The deal involves paying substantia­l sums to the EU until at least 2020, but no further payments after Britain’s transition period.

It is a compromise between Johnson’s position and that of Philip Hammond, the Chancellor, and is expected to be part of May’s Brexit speech in Florence at the end of the week.

It came after a frenzied day on which Johnson’s allies suggested he would be prepared to resign from the Cabinet over May’s Brexit strategy, only for him to apparently pull back from the brink after she brokered a truce.

Johnson allies had raised the prospect he was prepared to resign when they said he ‘‘could not live with’’ any deal that involved paying billions of pounds to the EU after the transition period.

In response, May confirmed to him that her Brexit speech will make clear that the era of large payments will stop when the transition period ends, and is understood to have tweaked her speech to address some of the points he raised in a 4200-word Brexit essay published last weekend.

Johnson responded by announcing he would not be resigning, while May said he was doing a ‘‘good job’’.

May has also made sure the speech satisfies Hammond, by offering to continue making full payments to the EU during a twoyear transition period.
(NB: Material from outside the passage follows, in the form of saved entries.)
lemma eigen_proj_mult:
  assumes i: "i < r"
  shows "eigen_proj N S a i * eigen_proj N S b i = ((1 + a * b)/4) \<cdot>\<^sub>m 1\<^sub>m N + ((a + b)/4) \<cdot>\<^sub>m S i"
proof -
  have "S i * eigen_proj N S b i = (1/2) \<cdot>\<^sub>m S i + (b/2) \<cdot>\<^sub>m 1\<^sub>m N"
    unfolding eigen_proj_def using i by (simp add: mult_one_plus_smult[of _ N] square)
  then have "eigen_proj N S a i * eigen_proj N S b i
      = (1/2) \<cdot>\<^sub>m eigen_proj N S b i + (a/2) \<cdot>\<^sub>m ((1/2) \<cdot>\<^sub>m S i + (b/2) \<cdot>\<^sub>m 1\<^sub>m N)"
    unfolding eigen_proj_def[of N S a] using i by (simp add: one_plus_smult_mult[of _ N])
  then show ?thesis
    using i by (auto intro!: eq_matI simp: eigen_proj_def algebra_simps add_divide_distrib)
qed

lemma eigen_proj_idem:
  assumes "i < r" "a \<in> {1, -1}"
  shows "eigen_proj N S a i * eigen_proj N S a i = eigen_proj N S a i"
  unfolding eigen_proj_mult[OF assms(1)] using assms by (auto intro!: eq_matI simp: eigen_proj_def)

lemma eigen_proj_orth: "i < r \<Longrightarrow> a \<in> {1, -1} \<Longrightarrow> eigen_proj N S a i * eigen_proj N S (- a) i = 0\<^sub>m N N"
  by (auto intro!: eq_matI simp: eigen_proj_mult)

lemma eigen_proj_sum: "i < r \<Longrightarrow> eigen_proj N S 1 i + eigen_proj N S (-1) i = 1\<^sub>m N"
  unfolding eigen_proj_def by (intro eq_matI) auto

lemma involution_mult_eigen_proj: "i < r \<Longrightarrow> S i * eigen_proj N S 1 i = eigen_proj N S 1 i"
  unfolding eigen_proj_def by (subst mult_one_plus_smult[of _ N]) (auto intro!: eq_matI simp: square)

lemma sign_proj_pass:
  assumes A: "A \<in> carrier_mat N N" and k: "k \<le> r"
    and e: "\<forall>i<k. A * S i = e i \<cdot>\<^sub>m (S i * A)"
  shows "A * sign_proj N S f k = sign_proj N S (\<lambda>i. e i * f i) k * A"
  using k e
proof (induction k)
  case (Suc k)
  then have k: "k < r" by simp_all
  have "A * sign_proj N S f (Suc k) = (A * sign_proj N S f k) * eigen_proj N S (f k) k"
    using A k by (simp add: assoc_N)
  also have "\<dots> = sign_proj N S (\<lambda>i. e i * f i) k * (A * eigen_proj N S (f k) k)"
    using Suc A k by (simp add: assoc_N)
  also have "A * eigen_proj N S (f k) k = eigen_proj N S (e k * f k) k * A"
    using Suc A k by (intro eigen_proj_pass) auto
  finally show ?case
    using A k by (simp add: assoc_N)
qed (use A in simp)

lemma sign_proj_commute:
  assumes "A \<in> carrier_mat N N" "k \<le> r" "\<forall>i<k. A * S i = S i * A"
  shows "A * sign_proj N S f k = sign_proj N S f k * A"
  using sign_proj_pass[of A k "\<lambda>_. 1" f] assms by simp

lemma sign_proj_mult:
  assumes k: "k \<le> r" and "\<forall>i<k. f i \<in> {1, -1}" and "\<forall>i<k. g i \<in> {1, -1}"
  shows "sign_proj N S f k * sign_proj N S g k = (if \<forall>i<k. f i = g i then sign_proj N S f k else 0\<^sub>m N N)"
  using assms
proof (induction k)
  case (Suc k)
  then have k: "k < r" and fk: "f k \<in> {1, -1}" and gk: "g k \<in> {1, -1}" by auto
  have "sign_proj N S f (Suc k) * sign_proj N S g (Suc k) =
      sign_proj N S f k * (eigen_proj N S (f k) k * sign_proj N S g k) * eigen_proj N S (g k) k"
    using k by (simp add: assoc_N)
  also have "eigen_proj N S (f k) k * sign_proj N S g k = sign_proj N S g k * eigen_proj N S (f k) k"
    using k by (intro sign_proj_commute) (auto simp: eigen_proj_commute_involution)
  also have "sign_proj N S f k * (sign_proj N S g k * eigen_proj N S (f k) k) * eigen_proj N S (g k) k =
      (sign_proj N S f k * sign_proj N S g k) * (eigen_proj N S (f k) k * eigen_proj N S (g k) k)"
    using k by (simp add: assoc_N)
  also have "eigen_proj N S (f k) k * eigen_proj N S (g k) k = (if f k = g k then eigen_proj N S (f k) k else 0\<^sub>m N N)"
    using fk gk k eigen_proj_idem[of k "f k"] eigen_proj_orth[of k "f k"] by auto
  finally show ?case
    using Suc k by (auto simp: less_Suc_eq)
qed simp

lemma sign_proj_absorbs_involution:
  assumes "j < r"
  shows "S j * sign_proj N S (\<lambda>_. 1) r = sign_proj N S (\<lambda>_. 1) r"
    and "sign_proj N S (\<lambda>_. 1) r * S j = sign_proj N S (\<lambda>_. 1) r"
proof -
  have "j < k \<Longrightarrow> k \<le> r \<Longrightarrow> S j * sign_proj N S (\<lambda>_. 1) k = sign_proj N S (\<lambda>_. 1) k" for k
  proof (induction k)
    case (Suc k)
    then have k: "k < r" by simp_all
    show ?case
    proof (cases "j = k")
      case True
      have "S j * sign_proj N S (\<lambda>_. 1) (Suc k) = (S j * sign_proj N S (\<lambda>_. 1) k) * eigen_proj N S 1 k"
        using k True by (simp add: assoc_N)
      also have "S j * sign_proj N S (\<lambda>_. 1) k = sign_proj N S (\<lambda>_. 1) k * S j"
        using k True by (intro sign_proj_commute) (auto simp: commute)
      finally have "S j * sign_proj N S (\<lambda>_. 1) (Suc k) = sign_proj N S (\<lambda>_. 1) k * (S j * eigen_proj N S 1 k)"
        using k True by (simp add: assoc_N)
      then show ?thesis using True k involution_mult_eigen_proj by simp
    next
      case False
      then show ?thesis using Suc k by (simp add: assoc_N[symmetric])
    qed
  qed simp
  then show left: "S j * sign_proj N S (\<lambda>_. 1) r = sign_proj N S (\<lambda>_. 1) r"
    using assms by simp
  then show "sign_proj N S (\<lambda>_. 1) r * S j = sign_proj N S (\<lambda>_. 1) r"
    using assms sign_proj_commute[of "S j" r] by (simp add: commute)
qed

lemma gen_group_carrier: "T \<in> gen_group N (S ` {0..<r}) \<Longrightarrow> T \<in> carrier_mat N N"
  by (induction rule: gen_group.induct) auto

lemma gen_group_absorbed:
  assumes "T \<in> gen_group N (S ` {0..<r})"
  shows "T * sign_proj N S (\<lambda>_. 1) r = sign_proj N S (\<lambda>_. 1) r"
    and "sign_proj N S (\<lambda>_. 1) r * T = sign_proj N S (\<lambda>_. 1) r"
  using assms
proof (induction rule: gen_group.induct)
  case (mult g A)
  {
    case 1
    from mult obtain j where "j < r" "g = S j" by auto
    then show ?case using mult gen_group_carrier sign_proj_absorbs_involution by (simp add: assoc_N)
  next
    case 2
    from mult obtain j where "j < r" "g = S j" by auto
    then show ?case using mult gen_group_carrier sign_proj_absorbs_involution by (simp add: assoc_N[symmetric])
  }
qed simp_all

lemma sum_sign_proj:
  "k \<le> r \<Longrightarrow> mat_sum N {..<2 ^ k} (\<lambda>x. sign_proj N S (syndrome_sign x) k) = 1\<^sub>m N"
proof (induction k)
  case 0
  show ?case unfolding mat_sum_def by (intro eq_matI) auto
next
  case (Suc k)
  then have k: "k < r" "k \<le> r" by simp_all
  have high: "sign_proj N S (syndrome_sign (x + 2 ^ k)) k = sign_proj N S (syndrome_sign x) k" if "x < 2 ^ k" for x
    using that by (intro sign_proj_cong) (simp add: syndrome_sign_def qbit_add_high)
  have "mat_sum N {..<2 ^ Suc k} (\<lambda>x. sign_proj N S (syndrome_sign x) (Suc k))
      = mat_sum N {..<2 ^ k} (\<lambda>x. sign_proj N S (syndrome_sign x) k * eigen_proj N S 1 k)
        + mat_sum N {..<2 ^ k} (\<lambda>x. sign_proj N S (syndrome_sign x) k * eigen_proj N S (-1) k)"
    unfolding mat_sum_lessThan_power_Suc
    by (intro arg_cong2[where f = "(+)"] mat_sum_cong)
      (simp_all add: high syndrome_sign_def qbit_high_0 qbit_high_1)
  also have "\<dots> = mat_sum N {..<2 ^ k} (\<lambda>x. sign_proj N S (syndrome_sign x) k) * eigen_proj N S 1 k
        + mat_sum N {..<2 ^ k} (\<lambda>x. sign_proj N S (syndrome_sign x) k) * eigen_proj N S (-1) k"
    using k by (simp add: mat_sum_mult)
  finally show ?case
    using Suc k eigen_proj_sum[of k] by simp
qed

end

text \<open>\<open>|0\<rangle>\<langle>0| = (I + Z)/2\<close>, \<open>|1\<rangle>\<langle>1| = (I - Z)/2\<close>, \<open>|0\<rangle>\<langle>1| = (X + iY)/2\<close>, \<open>|1\<rangle>\<langle>0| = (X - iY)/2\<close>.\<close>
definition unit_pauli_coeff :: "nat \<Rightarrow> nat \<Rightarrow> nat \<Rightarrow> complex" where
  "unit_pauli_coeff a b q = (if a = b then (if q = 0 then 1/2 else if q = 3 then (if a = 0 then 1/2 else -1/2) else 0)
     else (if q = 1 then 1/2 else if q = 2 then (if a = 0 then \<i>/2 else -\<i>/2) else 0))"

lemma unit_pauli_coeff_sum:
  assumes "a < 2" "b < 2" "u < 2" "v < 2"
  shows "(\<Sum>q\<in>{0..<4}. unit_pauli_coeff a b q * pauli1 q $$ (u, v)) = of_bool (u = a \<and> v = b)"
proof -
  have "{0..<4::nat} = {0, 1, 2, 3}" by auto
  moreover have "a = 0 \<or> a = 1" "b = 0 \<or> b = 1" "u = 0 \<or> u = 1" "v = 0 \<or> v = 1" using assms by auto
  ultimately show ?thesis
    by (elim disjE) (simp_all add: unit_pauli_coeff_def pauli1_def mat_of_rows_list_def field_simps)
qed

definition assignments :: "nat \<Rightarrow> nat set \<Rightarrow> (nat \<Rightarrow> nat) set" where
  "assignments n B = PiE (B \<inter> {0..<n}) (\<lambda>_. {0..<2})"

definition assignment_of :: "nat \<Rightarrow> nat set \<Rightarrow> nat \<Rightarrow> nat \<Rightarrow> nat" where
  "assignment_of n B i = restrict (qbit i) (B \<inter> {0..<n})"

definition assignment_index :: "nat \<Rightarrow> nat set \<Rightarrow> (nat \<Rightarrow> nat) \<Rightarrow> nat" where
  "assignment_index n B f = (\<Sum>k\<in>B \<inter> {0..<n}. f k * 2 ^ k)"

definition B_pauli_labels :: "nat \<Rightarrow> nat set \<Rightarrow> (nat \<Rightarrow> nat) set" where
  "B_pauli_labels n B = PiE {..<n} (\<lambda>k. if k \<in> B then {0..<4} else {0})"

definition unit_coeff :: "nat \<Rightarrow> nat set \<Rightarrow> (nat \<Rightarrow> nat) \<Rightarrow> (nat \<Rightarrow> nat) \<Rightarrow> (nat \<Rightarrow> nat) \<Rightarrow> complex" where
  "unit_coeff n B f f' p = (\<Prod>k<n. if k \<in> B then unit_pauli_coeff (f k) (f' k) (p k) else 1)"

text \<open>The matrix unit \<open>|f\<rangle>\<langle>f'|\<close> on the qubits in \<open>B\<close>, tensored with the identity outside \<open>B\<close>,
  written in the Pauli basis.\<close>
definition B_unit :: "nat \<Rightarrow> nat set \<Rightarrow> (nat \<Rightarrow> nat) \<Rightarrow> (nat \<Rightarrow> nat) \<Rightarrow> complex mat" where
  "B_unit n B f f' = mat_sum (2 ^ n) (B_pauli_labels n B) (\<lambda>p. unit_coeff n B f f' p \<cdot>\<^sub>m pauli_string n p)"

lemma finite_assignments: "finite (assignments n B)"
  unfolding assignments_def by (intro finite_PiE) auto

lemma assignment_of_in: "assignment_of n B i \<in> assignments n B"
  unfolding assignment_of_def assignments_def by auto

lemma assignment_index_of: "assignment_index n B (assignment_of n B i) = restrict_idx B n i"
  unfolding assignment_index_def assignment_of_def restrict_idx_def by (intro sum.cong) auto

lemma eq_assignment_of_iff:
  "f \<in> assignments n B \<Longrightarrow> f = assignment_of n B i \<longleftrightarrow> (\<forall>k\<in>B \<inter> {0..<n}. f k = qbit i k)"
  unfolding assignments_def assignment_of_def by (auto simp: PiE_iff extensional_def fun_eq_iff)

lemma B_unit_carrier [simp]: "B_unit n B f f' \<in> carrier_mat (2 ^ n) (2 ^ n)"
  by (simp add: B_unit_def)

lemma B_unit_dim [simp]: "dim_row (B_unit n B f f') = 2 ^ n" "dim_col (B_unit n B f f') = 2 ^ n"
  by (simp_all add: B_unit_def)

lemma agree_outside_sym: "agree_outside B n i j = agree_outside B n j i"
  unfolding agree_outside_def by auto

lemma B_unit_index:
  assumes f: "f \<in> assignments n B" and f': "f' \<in> assignments n B" and i: "i < 2 ^ n" and a: "a < 2 ^ n"
  shows "B_unit n B f f' $$ (i, a) = of_bool (agree_outside B n i a \<and> f = assignment_of n B i \<and> f' = assignment_of n B a)"
proof -
  define h where "h k q = (if k \<in> B then unit_pauli_coeff (f k) (f' k) q else 1) * pauli1 q $$ (qbit i k, qbit a k)" for k q
  have "B_unit n B f f' $$ (i, a) = (\<Sum>p\<in>B_pauli_labels n B. \<Prod>k<n. h k (p k))"
    unfolding B_unit_def using i a
    by (simp add: mat_sum_index unit_coeff_def pauli_string_index h_def prod.distrib)
  also have "\<dots> = (\<Prod>k<n. \<Sum>q\<in>(if k \<in> B then {0..<4} else {0}). h k q)"
    unfolding B_pauli_labels_def by (rule prod_sum_PiE[symmetric]) auto
  also have "\<dots> = (\<Prod>k<n. of_bool (if k \<in> B then qbit i k = f k \<and> qbit a k = f' k else qbit i k = qbit a k))"
  proof (rule prod.cong[OF refl])
    fix k assume k: "k \<in> {..<n}"
    show "(\<Sum>q\<in>(if k \<in> B then {0..<4} else {0}). h k q) =
      of_bool (if k \<in> B then qbit i k = f k \<and> qbit a k = f' k else qbit i k = qbit a k)"
    proof (cases "k \<in> B")
      case True
      then have "f k < 2" "f' k < 2" using f f' k by (auto simp: assignments_def PiE_iff)
      then show ?thesis using True unfolding h_def by (simp add: unit_pauli_coeff_sum)
    qed (simp add: h_def pauli1_0_entry)
  qed
  also have "\<dots> = of_bool (\<forall>k<n. if k \<in> B then qbit i k = f k \<and> qbit a k = f' k else qbit i k = qbit a k)"
    by (rule prod_of_bool_lessThan)
  also have "(\<forall>k<n. if k \<in> B then qbit i k = f k \<and> qbit a k = f' k else qbit i k = qbit a k)
     \<longleftrightarrow> agree_outside B n i a \<and> f = assignment_of n B i \<and> f' = assignment_of n B a"
    unfolding eq_assignment_of_iff[OF f] eq_assignment_of_iff[OF f'] agree_outside_def by auto
  finally show ?thesis .
qed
Hammond favours a lengthy ‘‘status quo’’ transition to make it easier for businesses to adjust.

As a result Johnson, Hammond and David Davis, the Brexit Secretary, will now accompany May to Florence in a show of unity for a speech that is intended to break the deadlock over Brexit talks.

It is understood May’s speech will repeat recent broad assurances to the EU that the UK is not seeking to become a Singapore-style low-regulation tax haven.

The payment of about £10 billion (NZ$18.5b) a year during the transition period would not settle all of the UK’s accounts in Brussels’ eyes, but would be a gesture of Britain’s commitment to pay its dues, with the intention that the final amount would be negotiated alongside a trade deal.